++++ INPUT FOR THIS TASK
(* Let $p\in(0,1/2)$ be a fixed constant, and let $k=k(n)$ and $\delta=\delta(n)$ satisfy $k=o(n)$ and $\delta=o(1)$ as $n\to\infty$. Then there exists a variable-length algorithm that computes $\mathsf{TH}_k$ from noisy queries with worst-case error probability at most $\delta$, i.e. $\max_{\mathbf{x}\in\{0,1\}^n}\mathbb{P}(\widehat{\mathsf{TH}}_k\neq\mathsf{TH}_k(\mathbf{x})\mid\mathbf{x})\le\delta$, and whose number of queries $M$ satisfies \[ \mathbb{E}[M\mid\mathbf{x}]\le(1+o(1))\,\frac{n\log\frac{k}{\delta}}{D_{\mathsf{KL}}(p\|1-p)} \] for every input instance $\mathbf{x}\in\{0,1\}^n$.
   Context: For $\mathbf{x}=(x_1,\dots,x_n)\in\{0,1\}^n$ and a positive integer $k$, the threshold-$k$ function is $\mathsf{TH}_k(\mathbf{x})=1$ if $\sum_{i=1}^n x_i\ge k$ and $\mathsf{TH}_k(\mathbf{x})=0$ otherwise. Noisy query model: at each time step the algorithm chooses an index $i\in[n]$ (possibly depending on all previous responses) and observes $x_i\oplus Z$, where $Z\sim\mathsf{Bern}(p)$ is independent of everything else; $p$ is known to the algorithm. A variable-length algorithm may decide adaptively when to stop (so the number of queries $M$ is random), and then outputs an estimate $\widehat{\mathsf{TH}}_k\in\{0,1\}$. $D_{\mathsf{KL}}(p\|1-p)=(1-2p)\log\frac{1-p}{p}$; $\log$ is the natural logarithm. The $o(1)$ terms are with respect to $n\to\infty$. *)

theory Defs
  imports "HOL-Probability.Probability"
begin

text \<open>A (possibly randomized)
variable-length adaptive algorithm is given in behavioural form: given the history
of (queried index, observed noisy response) pairs, it chooses (randomly) either
Inl i (query index i) or Inr b (stop and output b).\<close>

type_synonym hist = "(nat \<times> bool) list"

datatype run_state = Running hist | Stopped bool

definition TH :: "nat \<Rightarrow> bool list \<Rightarrow> bool" where
  "TH k x = (k \<le> length (filter id x))"

definition KL_p :: "real \<Rightarrow> real" where
  "KL_p p = (1 - 2 * p) * ln ((1 - p) / p)"

definition valid_alg :: "nat \<Rightarrow> (hist \<Rightarrow> (nat + bool) pmf) \<Rightarrow> bool" where
  "valid_alg n A = (\<forall>h. set_pmf (A h) \<subseteq> Inl ` {..<n} \<union> range Inr)"

text \<open>One step: query x_i and observe x_i XOR Z with Z ~ Bern(p) (True with prob. p).\<close>
definition step :: "(hist \<Rightarrow> (nat + bool) pmf) \<Rightarrow> real \<Rightarrow> bool list \<Rightarrow> run_state \<Rightarrow> run_state pmf" where
  "step A p x s = (case s of
      Stopped b \<Rightarrow> return_pmf (Stopped b)
    | Running h \<Rightarrow> bind_pmf (A h) (\<lambda>a. case a of
          Inr b \<Rightarrow> return_pmf (Stopped b)
        | Inl i \<Rightarrow> map_pmf (\<lambda>z. Running (h @ [(i, (x ! i) \<noteq> z)])) (bernoulli_pmf p)))"

text \<open>Distribution of the state after t algorithm actions. Being Running at time t
means exactly t queries have been made and the algorithm has not stopped.\<close>
fun state_dist :: "(hist \<Rightarrow> (nat + bool) pmf) \<Rightarrow> real \<Rightarrow> bool list \<Rightarrow> nat \<Rightarrow> run_state pmf" where
  "state_dist A p x 0 = return_pmf (Running [])"
| "state_dist A p x (Suc t) = bind_pmf (state_dist A p x t) (step A p x)"

definition is_running :: "run_state \<Rightarrow> bool" where
  "is_running s = (case s of Running _ \<Rightarrow> True | Stopped _ \<Rightarrow> False)"

definition output_prob :: "(hist \<Rightarrow> (nat + bool) pmf) \<Rightarrow> real \<Rightarrow> bool list \<Rightarrow> bool \<Rightarrow> real" where
  "output_prob A p x b = (SUP t. measure_pmf.prob (state_dist A p x t) {Stopped b})"

text \<open>Error probability: P(output \<noteq> TH_k(x)); non-termination counts as an error.\<close>
definition error_prob :: "(hist \<Rightarrow> (nat + bool) pmf) \<Rightarrow> real \<Rightarrow> nat \<Rightarrow> bool list \<Rightarrow> real" where
  "error_prob A p k x = 1 - output_prob A p x (TH k x)"

text \<open>E[M] = sum_{t>=1} P(M >= t), as an extended nonnegative real.\<close>
definition expected_queries :: "(hist \<Rightarrow> (nat + bool) pmf) \<Rightarrow> real \<Rightarrow> bool list \<Rightarrow> ennreal" where
  "expected_queries A p x =
     (\<Sum>t. ennreal (measure_pmf.prob (state_dist A p x (Suc t)) {s. is_running s}))"

end

theory Submission
  imports Defs "HOL-Real_Asymp.Real_Asymp"
begin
++++++++
» **ABOUT THIS TASK**: The reply should consist of the records, reproduced exactly.

» **SOLUTION**:
(* Let $p\in(0,1/2)$ be a fixed constant, and let $k=k(n)$ and $\delta=\delta(n)$ satisfy $k=o(n)$ and $\delta=o(1)$ as $n\to\infty$. Then there exists a variable-length algorithm that computes $\mathsf{TH}_k$ from noisy queries with worst-case error probability at most $\delta$, i.e. $\max_{\mathbf{x}\in\{0,1\}^n}\mathbb{P}(\widehat{\mathsf{TH}}_k\neq\mathsf{TH}_k(\mathbf{x})\mid\mathbf{x})\le\delta$, and whose number of queries $M$ satisfies \[ \mathbb{E}[M\mid\mathbf{x}]\le(1+o(1))\,\frac{n\log\frac{k}{\delta}}{D_{\mathsf{KL}}(p\|1-p)} \] for every input instance $\mathbf{x}\in\{0,1\}^n$.
   Context: For $\mathbf{x}=(x_1,\dots,x_n)\in\{0,1\}^n$ and a positive integer $k$, the threshold-$k$ function is $\mathsf{TH}_k(\mathbf{x})=1$ if $\sum_{i=1}^n x_i\ge k$ and $\mathsf{TH}_k(\mathbf{x})=0$ otherwise. Noisy query model: at each time step the algorithm chooses an index $i\in[n]$ (possibly depending on all previous responses) and observes $x_i\oplus Z$, where $Z\sim\mathsf{Bern}(p)$ is independent of everything else; $p$ is known to the algorithm. A variable-length algorithm may decide adaptively when to stop (so the number of queries $M$ is random), and then outputs an estimate $\widehat{\mathsf{TH}}_k\in\{0,1\}$. $D_{\mathsf{KL}}(p\|1-p)=(1-2p)\log\frac{1-p}{p}$; $\log$ is the natural logarithm. The $o(1)$ terms are with respect to $n\to\infty$. *)

theory Defs
  imports "HOL-Probability.Probability"
begin

text \<open>A (possibly randomized)
variable-length adaptive algorithm is given in behavioural form: given the history
of (queried index, observed noisy response) pairs, it chooses (randomly) either
Inl i (query index i) or Inr b (stop and output b).\<close>

type_synonym hist = "(nat \<times> bool) list"

datatype run_state = Running hist | Stopped bool

definition TH :: "nat \<Rightarrow> bool list \<Rightarrow> bool" where
  "TH k x = (k \<le> length (filter id x))"

definition KL_p :: "real \<Rightarrow> real" where
  "KL_p p = (1 - 2 * p) * ln ((1 - p) / p)"

definition valid_alg :: "nat \<Rightarrow> (hist \<Rightarrow> (nat + bool) pmf) \<Rightarrow> bool" where
  "valid_alg n A = (\<forall>h. set_pmf (A h) \<subseteq> Inl ` {..<n} \<union> range Inr)"

text \<open>One step: query x_i and observe x_i XOR Z with Z ~ Bern(p) (True with prob. p).\<close>
definition step :: "(hist \<Rightarrow> (nat + bool) pmf) \<Rightarrow> real \<Rightarrow> bool list \<Rightarrow> run_state \<Rightarrow> run_state pmf" where
  "step A p x s = (case s of
      Stopped b \<Rightarrow> return_pmf (Stopped b)
    | Running h \<Rightarrow> bind_pmf (A h) (\<lambda>a. case a of
          Inr b \<Rightarrow> return_pmf (Stopped b)
        | Inl i \<Rightarrow> map_pmf (\<lambda>z. Running (h @ [(i, (x ! i) \<noteq> z)])) (bernoulli_pmf p)))"

text \<open>Distribution of the state after t algorithm actions. Being Running at time t
means exactly t queries have been made and the algorithm has not stopped.\<close>
fun state_dist :: "(hist \<Rightarrow> (nat + bool) pmf) \<Rightarrow> real \<Rightarrow> bool list \<Rightarrow> nat \<Rightarrow> run_state pmf" where
  "state_dist A p x 0 = return_pmf (Running [])"
| "state_dist A p x (Suc t) = bind_pmf (state_dist A p x t) (step A p x)"

definition is_running :: "run_state \<Rightarrow> bool" where
  "is_running s = (case s of Running _ \<Rightarrow> True | Stopped _ \<Rightarrow> False)"

definition output_prob :: "(hist \<Rightarrow> (nat + bool) pmf) \<Rightarrow> real \<Rightarrow> bool list \<Rightarrow> bool \<Rightarrow> real" where
  "output_prob A p x b = (SUP t. measure_pmf.prob (state_dist A p x t) {Stopped b})"

text \<open>Error probability: P(output \<noteq> TH_k(x)); non-termination counts as an error.\<close>
definition error_prob :: "(hist \<Rightarrow> (nat + bool) pmf) \<Rightarrow> real \<Rightarrow> nat \<Rightarrow> bool list \<Rightarrow> real" where
  "error_prob A p k x = 1 - output_prob A p x (TH k x)"

text \<open>E[M] = sum_{t>=1} P(M >= t), as an extended nonnegative real.\<close>
definition expected_queries :: "(hist \<Rightarrow> (nat + bool) pmf) \<Rightarrow> real \<Rightarrow> bool list \<Rightarrow> ennreal" where
  "expected_queries A p x =
     (\<Sum>t. ennreal (measure_pmf.prob (state_dist A p x (Suc t)) {s. is_running s}))"

end

theory Submission
  imports Defs "HOL-Real_Asymp.Real_Asymp"
begin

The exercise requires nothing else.